Can it be used here?
Challenges
The AEMO CSV format used to populate MMS allows there to be multiple reports in a single file.
Furthermore files are frequently compressed in Zip format. This usually means pre-processing is required – e.g. before reading in as text or CSV.
Whilst the underlying files are comma separated, the number of columns in each row also varies in a given file due to:
- Different record types (Comment, Information or Data)
- Different report schemas (each having a different column set)
Here is a snippet from a sample file:
C,SETP.WORLD,DVD_DISPATCH_UNIT_SCADA,AEMO,PUBLIC,2021/10/07,00:00:05,0000000350353790,,0000000350353744
I,DISPATCH,UNIT_SCADA,1,SETTLEMENTDATE,DUID,SCADAVALUE
D,DISPATCH,UNIT_SCADA,1,"2021/09/01 00:05:00",BARCSF1,0
D,DISPATCH,UNIT_SCADA,1,"2021/09/01 00:05:00",BUTLERSG,9.499998
D,DISPATCH,UNIT_SCADA,1,"2021/09/01 00:05:00",CAPTL_WF,47.048004
...lots more rows...
C,"END OF REPORT",3368947
This file structure presents some specific challenges for parsing with Spark and thus being able to derive useful insights from the underlying data.
Issue #1 – reading too many rows in a file (even for a single report) can cause out of memory issues
Issue #2 – naively reading just the data (D) rows misses file and report header information, such as column names
Issue #3 – parsing full files can result in unnecessary data being read, when only a subset is needed
Solution
SparkMMS is a custom data reader implemented in Java using Apache Spark’s DataSource V2 API.
It can be used to efficiently read AEMO MMS files in bulk.
Input:
SparkMMS takes a glob path, which means it can read multiple files based on a file pattern – e.g. to read all dispatch related zip files from a monthly archive:
/tmp/Data_Archive/Wholesale_Electricity/MMSDM/2021/MMSDM_2021_09/MMSDM_Historical_Data_SQLLoader/DATA/PUBLIC_DVD_DISPATCH*.zip
Output:
Spark MMS creates a Spark dataframe with chunks of rows related to each specific report type across all input files. The data rows are nested in the “data” column of the dataframe. The file header, report headers (including column names) and data rows are also preserved:
>>> df.printSchema() root |-- original_filename: string (nullable = false) |-- system: string (nullable = false) |-- report_id: string (nullable = false) |-- report_from: string (nullable = false) |-- report_to: string (nullable = false) |-- publish_datetime: timestamp (nullable = false) |-- id1: string (nullable = false) |-- id2: string (nullable = false) |-- id3: string (nullable = false) |-- report_type: string (nullable = false) |-- report_subtype: string (nullable = false) |-- report_version: integer (nullable = false) |-- column_headers: array (nullable = false) | |-- element: string (containsNull = true) |-- data: array (nullable = false) | |-- element: array (containsNull = true) | | |-- element: string (containsNull = true)
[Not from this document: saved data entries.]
text \<open>
  On \<open>[0,K]\<close> the potential \<open>\<gamma> = (a\<^sup>2 + a')/2\<close> is Lipschitz with a constant growing
  polynomially in \<open>K\<close>, because \<open>a'\<close> is and \<open>a\<close> is an antiderivative of \<open>a'\<close>. Fix a path \<open>\<beta>\<close>.
  Writing \<open>t \<gamma>(p\<^sub>t) - s \<gamma>(p\<^sub>s) = (t - s) \<gamma>(p\<^sub>t) + s (\<gamma>(p\<^sub>t) - \<gamma>(p\<^sub>s))\<close> with
  \<open>p\<^sub>r = |u x e\<^sub>1 + \<surd>r \<beta>\<^sub>u|\<close> and using \<open>s |\<surd>t - \<surd>s| \<le> \<surd>T |t - s|\<close>, the difference
  \<open>t I(t) - s I(s)\<close> is at most \<open>|t - s|\<close> times \<open>c \<integral>\<^sub>0\<^sup>1 (1 + |\<beta>\<^sub>u|\<^sup>2)\<^sup>N du\<close>. As \<open>t I(t) \<ge> -T |inf \<gamma>|\<close>,
  \<open>exp (- \<cdot>)\<close> is Lipschitz on the relevant range with constant \<open>exp (T |inf \<gamma>|)\<close>, which gives \<open>\<Phi>\<^sub>T\<close>.
  By Jensen and Fubini the \<open>m\<close>-th moment of \<open>\<Phi>\<^sub>T\<close> is controlled by \<open>sup\<^sub>u E (1 + |\<beta>\<^sub>u|\<^sup>2)\<^bsup>N m\<^esup>\<close>,
  which is finite since the coordinates of \<open>\<beta>\<^sub>u\<close> are centred Gaussians of variance \<open>u - u\<^sup>2 \<le> 1\<close>.
\<close>

section \<open>Polynomially growing local Lipschitz constants\<close>

definition locally_poly_lipschitz :: "real \<Rightarrow> nat \<Rightarrow> (real \<Rightarrow> real) \<Rightarrow> bool" where
  "locally_poly_lipschitz D N f \<longleftrightarrow>
     (\<forall>K p q. 0 \<le> p \<longrightarrow> 0 \<le> q \<longrightarrow> p \<le> K \<longrightarrow> q \<le> K \<longrightarrow>
        \<bar>f p - f q\<bar> \<le> D * (1 + K) ^ N * \<bar>p - q\<bar>)"

lemma locally_poly_lipschitzD:
  "locally_poly_lipschitz D N f \<Longrightarrow> 0 \<le> p \<Longrightarrow> 0 \<le> q \<Longrightarrow> p \<le> K \<Longrightarrow> q \<le> K \<Longrightarrow>
     \<bar>f p - f q\<bar> \<le> D * (1 + K) ^ N * \<bar>p - q\<bar>"
  unfolding locally_poly_lipschitz_def by blast

lemma locally_poly_lipschitz_abs_le:
  assumes f: "locally_poly_lipschitz D N f" and "0 \<le> D" "0 \<le> p" "p \<le> K"
  shows "\<bar>f p\<bar> \<le> (\<bar>f 0\<bar> + D) * (1 + K) ^ Suc N"
proof -
  have K: "1 \<le> 1 + K" using assms by linarith
  have "\<bar>f p\<bar> \<le> \<bar>f 0\<bar> + D * (1 + K) ^ N * p"
    using locally_poly_lipschitzD[OF f, of p 0 K] assms by auto
  also have "\<dots> \<le> \<bar>f 0\<bar> * (1 + K) ^ Suc N + D * (1 + K) ^ N * (1 + K)"
  proof (rule add_mono)
    show "\<bar>f 0\<bar> \<le> \<bar>f 0\<bar> * (1 + K) ^ Suc N"
      using mult_left_mono[OF one_le_power[OF K, of "Suc N"], of "\<bar>f 0\<bar>"] by simp
    show "D * (1 + K) ^ N * p \<le> D * (1 + K) ^ N * (1 + K)"
      using assms by (intro mult_left_mono) auto
  qed
  finally show ?thesis by (simp add: algebra_simps)
qed

lemma locally_poly_lipschitz_mono:
  assumes f: "locally_poly_lipschitz D N f" and "0 \<le> D" "D \<le> D'" "N \<le> N'"
  shows "locally_poly_lipschitz D' N' f"
  unfolding locally_poly_lipschitz_def
proof (intro allI impI)
  fix K p q :: real assume pq: "0 \<le> p" "0 \<le> q" "p \<le> K" "q \<le> K"
  have "D * (1 + K) ^ N \<le> D' * (1 + K) ^ N'"
    using assms pq by (intro mult_mono power_increasing) auto
  then show "\<bar>f p - f q\<bar> \<le> D' * (1 + K) ^ N' * \<bar>p - q\<bar>"
    using locally_poly_lipschitzD[OF f pq] by (meson abs_ge_zero mult_right_mono order_trans)
qed

lemma locally_poly_lipschitz_add:
  assumes "locally_poly_lipschitz D N f" "locally_poly_lipschitz D' N g"
  shows "locally_poly_lipschitz (D + D') N (\<lambda>z. f z + g z)"
  unfolding locally_poly_lipschitz_def
proof (intro allI impI)
  fix K p q :: real assume pq: "0 \<le> p" "0 \<le> q" "p \<le> K" "q \<le> K"
  have "\<bar>f p + g p - (f q + g q)\<bar> \<le> \<bar>f p - f q\<bar> + \<bar>g p - g q\<bar>" by linarith
  also have "\<dots> \<le> D * (1 + K) ^ N * \<bar>p - q\<bar> + D' * (1 + K) ^ N * \<bar>p - q\<bar>"
    using locally_poly_lipschitzD[OF assms(1) pq] locally_poly_lipschitzD[OF assms(2) pq]
    by (rule add_mono)
  finally show "\<bar>f p + g p - (f q + g q)\<bar> \<le> (D + D') * (1 + K) ^ N * \<bar>p - q\<bar>"
    by (simp add: algebra_simps)
qed

lemma locally_poly_lipschitz_mult:
  assumes f: "locally_poly_lipschitz D N f" and g: "locally_poly_lipschitz D N g" and D: "0 \<le> D"
  shows "locally_poly_lipschitz (D * (\<bar>f 0\<bar> + \<bar>g 0\<bar> + 2 * D)) (2 * N + 1) (\<lambda>z. f z * g z)"
  unfolding locally_poly_lipschitz_def
proof (intro allI impI)
  fix K p q :: real assume pq: "0 \<le> p" "0 \<le> q" "p \<le> K" "q \<le> K"
  define L where "L = D * (1 + K) ^ N * \<bar>p - q\<bar>"
  define W where "W = (1 + K) ^ Suc N"
  have L: "0 \<le> L" using D pq by (simp add: L_def)
  have "\<bar>f p * g p - f q * g q\<bar> = \<bar>(f p - f q) * g p + f q * (g p - g q)\<bar>"
    by (simp add: algebra_simps)
  also have "\<dots> \<le> \<bar>f p - f q\<bar> * \<bar>g p\<bar> + \<bar>f q\<bar> * \<bar>g p - g q\<bar>"
    by (metis abs_mult abs_triangle_ineq)
  also have "\<dots> \<le> L * ((\<bar>g 0\<bar> + D) * W) + ((\<bar>f 0\<bar> + D) * W) * L"
  proof (rule add_mono; rule mult_mono)
    show "\<bar>f p - f q\<bar> \<le> L" "\<bar>g p - g q\<bar> \<le> L"
      unfolding L_def using locally_poly_lipschitzD[OF f pq] locally_poly_lipschitzD[OF g pq] .
    show "\<bar>g p\<bar> \<le> (\<bar>g 0\<bar> + D) * W" "\<bar>f q\<bar> \<le> (\<bar>f 0\<bar> + D) * W"
      unfolding W_def using locally_poly_lipschitz_abs_le[OF g D, of p K]
        locally_poly_lipschitz_abs_le[OF f D, of q K] pq by auto
    have "0 \<le> W" using pq by (simp add: W_def)
    then show "0 \<le> (\<bar>f 0\<bar> + D) * W" using D by simp
  qed (use L in auto)
  also have "\<dots> = D * (\<bar>f 0\<bar> + \<bar>g 0\<bar> + 2 * D) * ((1 + K) ^ N * W) * \<bar>p - q\<bar>"
    unfolding L_def by algebra
  also have "(1 + K) ^ N * W = (1 + K) ^ (2 * N + 1)"
    unfolding W_def by (simp add: mult_2 power_add)
  finally show "\<bar>f p * g p - f q * g q\<bar>
      \<le> D * (\<bar>f 0\<bar> + \<bar>g 0\<bar> + 2 * D) * (1 + K) ^ (2 * N + 1) * \<bar>p - q\<bar>" .
qed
This structure makes it easy to do further processing of the data and means no information is lost when reading files in parallel:
Other features:
- Reads both .CSV and .zip
- Automatically splits large files into multiple partitions
- Extracts useful metadata from raw files, including column headers
- Supports multiple report schemas / versions
- Supports predicate pushdown – skips reports within a file if not selected
- Column pruning – reads of only a subset of data from raw files, if columns not selected
- Can read from cloud storage (e.g. Azure Blob storage, Amazon S3, Databricks DBFS)
Demo
These steps show the SparkMMS custom reader in action using Azure Databricks:
Note: Databricks is a paid cloud based Data Lake / ML platform. Alternatively, see source code for a demonstration running Spark MMS locally on a single node.
Prerequisites
- Download the library:
https://github.com/niftimus/SparkMMS/releases/download/v0.1/SparkMMS-0.1-SNAPSHOT.jar - Start a Databricks cluster – e.g.:
Note: Select Runtime 9.1 LTS for compatibility - Add the SparkMMS library to the cluster via Cluster > Libraries > Install New > Drag and Drop Jar:
Using SparkMMS
1. Define helper functions. At runtime, these create MMS report specific dataframe definitions (with correct per-report column headings) and also create temporary tables to streamline querying via SQL:
# Get a new dataframe with the schema of a single report type
def getReport(df, report_type, report_subtype, report_version):
from pyspark.sql.functions import explode
df = df.where(f"report_type = '{report_type}' and report_subtype = '{report_subtype}' and report_version = {report_version}")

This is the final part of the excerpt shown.